Константин прокашлялся.
– Меня зовут Константин Николаевич… Полковник Лавров… Я отца твоего знал.
Горка опустил глаза. Губы его дрогнули. Не от сентиментальной чувствительности. Насмешливо так. И Лаврова кинуло в жар. Он увидел, что рот мальчишки были изуродован болячками, которые в далеком детстве украшали губы его дворовых приятелей- близнецов из семьи алкашей. Константин подумал, что многие сослуживцы полковника Гордиевского, представляясь мальчику, вероятно, говорили именно так, как он. Только их знакомство с самим Горкой продолжения не имело. А был налицо простой акт обычного обывательского любопытства. Иначе отчего бы у парнишки в благодетелях оказался отставной майор Гнедышев, та еще гнида интендантская.
– Я на Юга собрался, Горка. К морю. Вот заехал за тобой,– сказал Лавров так спокойно и уверенно, как будто не в эту минуту, а давным- давно так решил. И только поэтому принял приглашение майора посмотреть его «бунгало» за городом. – Поедешь?
Мальчик с места не сдвинулся, позы не переменил. Только тонкие в ниточку брови приподнялись, распахнулись глаза, и стало ясно, что они серые отцовские.

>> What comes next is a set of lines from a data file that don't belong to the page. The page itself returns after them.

lemma linear_exp_op:
  fixes A :: "'a::banach \<Rightarrow> 'a"
  assumes "bounded_linear A"
  shows "linear (exp_op A t)"
proof (rule linearI)
  have A: "linear (A ^^ k)" for k
    using assms bounded_linear.linear linear_funpow by blast
  note summable = summable_exp_op_terms[OF assms]
  show "exp_op A t (x + y) = exp_op A t x + exp_op A t y" for x y
    unfolding exp_op_def suminf_add[OF summable summable]
    by (simp add: linear_add[OF A] scaleR_add_right)
  show "exp_op A t (c *\<^sub>R x) = c *\<^sub>R exp_op A t x" for c x
  proof -
    have "c *\<^sub>R exp_op A t x = (\<Sum>k. c *\<^sub>R (((- t) ^ k / fact k) *\<^sub>R (A ^^ k) x))"
      unfolding exp_op_def by (rule suminf_scaleR_right[OF summable])
    then show ?thesis by (simp add: exp_op_def linear_scale[OF A] mult_ac)
  qed
qed

lemma exp_op_0: "exp_op A 0 u = u"
proof -
  have "(\<lambda>k. ((- 0) ^ k / fact k) *\<^sub>R (A ^^ k) u) = (\<lambda>k. if k = 0 then u else 0)"
    by (auto simp: fun_eq_iff)
  then show ?thesis
    unfolding exp_op_def using sums_single[of 0 "\<lambda>_. u"] by (simp add: sums_iff)
qed

lemma exp_op_kernel:
  assumes "linear A" and "A u = 0"
  shows "exp_op A t u = u"
proof -
  have "(A ^^ k) u = 0" if "0 < k" for k
    using that assms(2) linear_0[OF linear_funpow[OF assms(1)]]
    by (cases k) (simp_all add: funpow_swap1)
  then have "(\<lambda>k. ((- t) ^ k / fact k) *\<^sub>R (A ^^ k) u) = (\<lambda>k. if k = 0 then u else 0)"
    by (auto simp: fun_eq_iff elim: not0_implies_Suc)
  then show ?thesis
    unfolding exp_op_def using sums_single[of 0 "\<lambda>_. u"] by (simp add: sums_iff)
qed

definition selfadjointV :: "('v::finite \<Rightarrow> 'v \<Rightarrow> real) \<Rightarrow> real \<Rightarrow> (real^'v \<Rightarrow> real^'v) \<Rightarrow> bool" where
  "selfadjointV w r A \<longleftrightarrow> (\<forall>x y. innerV w r (A x) y = innerV w r x (A y))"

lemma selfadjointV_funpow:
  assumes "selfadjointV w r A"
  shows "innerV w r ((A ^^ k) x) y = innerV w r x ((A ^^ k) y)"
proof (induction k arbitrary: y)
  case (Suc k)
  have "innerV w r ((A ^^ Suc k) x) y = innerV w r ((A ^^ k) x) (A y)"
    using assms by (simp add: selfadjointV_def)
  also have "\<dots> = innerV w r x ((A ^^ Suc k) y)"
    by (simp add: Suc.IH funpow_swap1)
  finally show ?case .
qed simp

lemma selfadjointV_exp_op:
  assumes "linear A" and "selfadjointV w r A"
  shows "selfadjointV w r (exp_op A t)"
proof -
  have bl: "bounded_linear A" using assms(1) linear_conv_bounded_linear by blast
  have "innerV w r (exp_op A t x) y = innerV w r x (exp_op A t y)" for x y
    unfolding exp_op_def
      bounded_linear.suminf[OF bounded_bilinear.bounded_linear_left[OF bounded_bilinear_innerV]
        summable_exp_op_terms[OF bl]]
      bounded_linear.suminf[OF bounded_bilinear.bounded_linear_right[OF bounded_bilinear_innerV]
        summable_exp_op_terms[OF bl]]
    by (simp add: innerV_scaleR_left innerV_scaleR_right selfadjointV_funpow[OF assms(2)])
  then show ?thesis unfolding selfadjointV_def by blast
qed

lemma innerV_exp_op_exp_op:
  assumes "linear A" and "selfadjointV w r A"
  shows "innerV w r (exp_op A s u) (exp_op A t u) = innerV w r u (exp_op A (s + t) u)"
proof -
  have bl: "bounded_linear A" using assms(1) linear_conv_bounded_linear by blast
  let ?a = "\<lambda>t k. ((- t) ^ k / fact k) *\<^sub>R (A ^^ k) u"
  have coeff: "(\<Sum>j\<le>n. (- s) ^ j / fact j * ((- t) ^ (n - j) / fact (n - j)))
      = (- (s + t)) ^ n / fact n" for n
    using exp_series_add_commuting[of "- s :: real" "- t" n] by (simp add: divide_inverse mult_ac)
  have "innerV w r (exp_op A s u) (exp_op A t u) = (\<Sum>n. \<Sum>j\<le>n. innerV w r (?a s j) (?a t (n - j)))"
    unfolding exp_op_def
    by (rule innerV_suminf_Cauchy_product[OF summable_norm_exp_op_terms[OF bl]
          summable_norm_exp_op_terms[OF bl]])
  also have "\<dots> = (\<Sum>n. ((- (s + t)) ^ n / fact n) * innerV w r u ((A ^^ n) u))"
  proof (rule suminf_cong)
    fix n
    have "innerV w r (?a s j) (?a t (n - j))
        = (- s) ^ j / fact j * ((- t) ^ (n - j) / fact (n - j)) * innerV w r u ((A ^^ n) u)"
      if "j \<le> n" for j
    proof -
      have "(A ^^ j) ((A ^^ (n - j)) u) = (A ^^ n) u"
        using that by (metis comp_apply funpow_add le_add_diff_inverse)
      then have "innerV w r ((A ^^ j) u) ((A ^^ (n - j)) u) = innerV w r u ((A ^^ n) u)"
        by (simp add: selfadjointV_funpow[OF assms(2)])
      then show ?thesis by (simp add: innerV_scaleR_left innerV_scaleR_right mult_ac)
    qed
    then have "(\<Sum>j\<le>n. innerV w r (?a s j) (?a t (n - j)))
        = (\<Sum>j\<le>n. (- s) ^ j / fact j * ((- t) ^ (n - j) / fact (n - j))) * innerV w r u ((A ^^ n) u)"
      by (simp add: sum_distrib_right)
    then show "(\<Sum>j\<le>n. innerV w r (?a s j) (?a t (n - j)))
        = ((- (s + t)) ^ n / fact n) * innerV w r u ((A ^^ n) u)"
      by (simp only: coeff)
  qed
  also have "\<dots> = innerV w r u (exp_op A (s + t) u)"
    unfolding exp_op_def
      bounded_linear.suminf[OF bounded_bilinear.bounded_linear_right[OF bounded_bilinear_innerV]
        summable_exp_op_terms[OF bl]]
    by (simp add: innerV_scaleR_right)
  finally show ?thesis .
qed

lemma innerV_exp_op_pos:
  assumes deg: "\<forall>i. 0 < deg w i" and "linear A" and "selfadjointV w r A" and "u \<noteq> 0"
  shows "0 < innerV w r u (exp_op A t u)"
proof -
  note semigroup = innerV_exp_op_exp_op[OF assms(2,3)]
  have "exp_op A (t / 2) u \<noteq> 0"
  proof
    assume "exp_op A (t / 2) u = 0"
    then have "innerV w r u u = 0"
      using semigroup[of "t / 2" u "- (t / 2)"] by (simp add: exp_op_0)
    with innerV_self_pos[where r=r, OF deg \<open>u \<noteq> 0\<close>] show False by simp
  qed
  then have "0 < innerV w r (exp_op A (t / 2) u) (exp_op A (t / 2) u)"
    by (rule innerV_self_pos[OF deg])
  then show ?thesis using semigroup[of "t / 2" u "t / 2"] by simp
qed

lemma linear_Lap:
  fixes w :: "'v::finite \<Rightarrow> 'v \<Rightarrow> real"
  shows "linear (Lap w r)"
proof (rule linearI)
  fix x y :: "real^'v"
  have "(\<Sum>j\<in>UNIV. w i j * ((x + y) $ i - (x + y) $ j)) =
      (\<Sum>j\<in>UNIV. w i j * (x $ i - x $ j)) + (\<Sum>j\<in>UNIV. w i j * (y $ i - y $ j))" for i
    by (simp add: sum.distrib[symmetric] algebra_simps)
  then show "Lap w r (x + y) = Lap w r x + Lap w r y"
    unfolding Lap_def vec_eq_iff by (simp add: ring_distribs)
qed (simp add: Lap_def vec_eq_iff sum_distrib_left algebra_simps)

lemma Lap_chi_UNIV: "Lap w r (chi UNIV) = 0"
  unfolding Lap_def chi_def by (simp add: vec_eq_iff)

lemma linear_massV: "linear (massV w r)"
  using bilinear_innerV unfolding bilinear_def innerV_chi_UNIV[symmetric] by blast

lemma massV_chi_UNIV: "massV w r (chi UNIV) = (\<Sum>i\<in>UNIV. deg w i powr r)"
  unfolding massV_def chi_def by simp

lemmas Lap_0 [simp] = linear_0[OF linear_Lap]
  and massV_0 [simp] = linear_0[OF linear_massV]

lemma linear_avgV: "linear (avgV w r)"
  unfolding avgV_def
  by (rule linearI) (simp_all add: linear_add[OF linear_massV] linear_scale[OF linear_massV]
      add_divide_distrib scaleR_add_left)

lemma chi_in_Kset: "chi A \<in> Kset"
  unfolding Kset_def chi_def by simp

– Поеду, – ответил он, наконец, после паузы и посмотрел вниз на приятеля.
Тот сидел на полу, согнув колени и опираясь на отведенные за спину руки. Глаза и рот его были широко раскрыты.
– Ну, тогда собирай, солдат, свой «сидор». Одежды не надо. Игрушку любимую… книжку… Я сейчас вернусь.
Доктор Добжанский, сидя за рулем, уже просматривал последнюю страницу «Известий», когда Константин рывком распахнул заднюю дверцу и помог худенькому длинноногому парнишке устроиться на сидении.
– Рудька, – сказал он решительно. – Горка едет с нами в Морское.
– Понятно,– невозмутимо ответил доктор, аккуратно складывая газету. – Майора об этом ты поставил в известность?
– «Посадил», – хмуро ответил Лавров.
Несколько минут прошло в полном молчании. Крепкий коренастый Константин откинулся на спинку сиденья и, вздернув волевой подбородок с ямочкой, смотрел через лобовое стекло куда- то вдаль немигающим взглядом . Доктор Добжанский, с бессловесным укором глядящий на спутника своими немного выпуклыми шоколадными глазами, первым нарушил тишину.
– Спасибо, что не «положил», – ядовито сказал он и, спустя минуту,
добавил тоном, не допускающим возражений.– Ждите меня и общайтесь, не выходя из машины.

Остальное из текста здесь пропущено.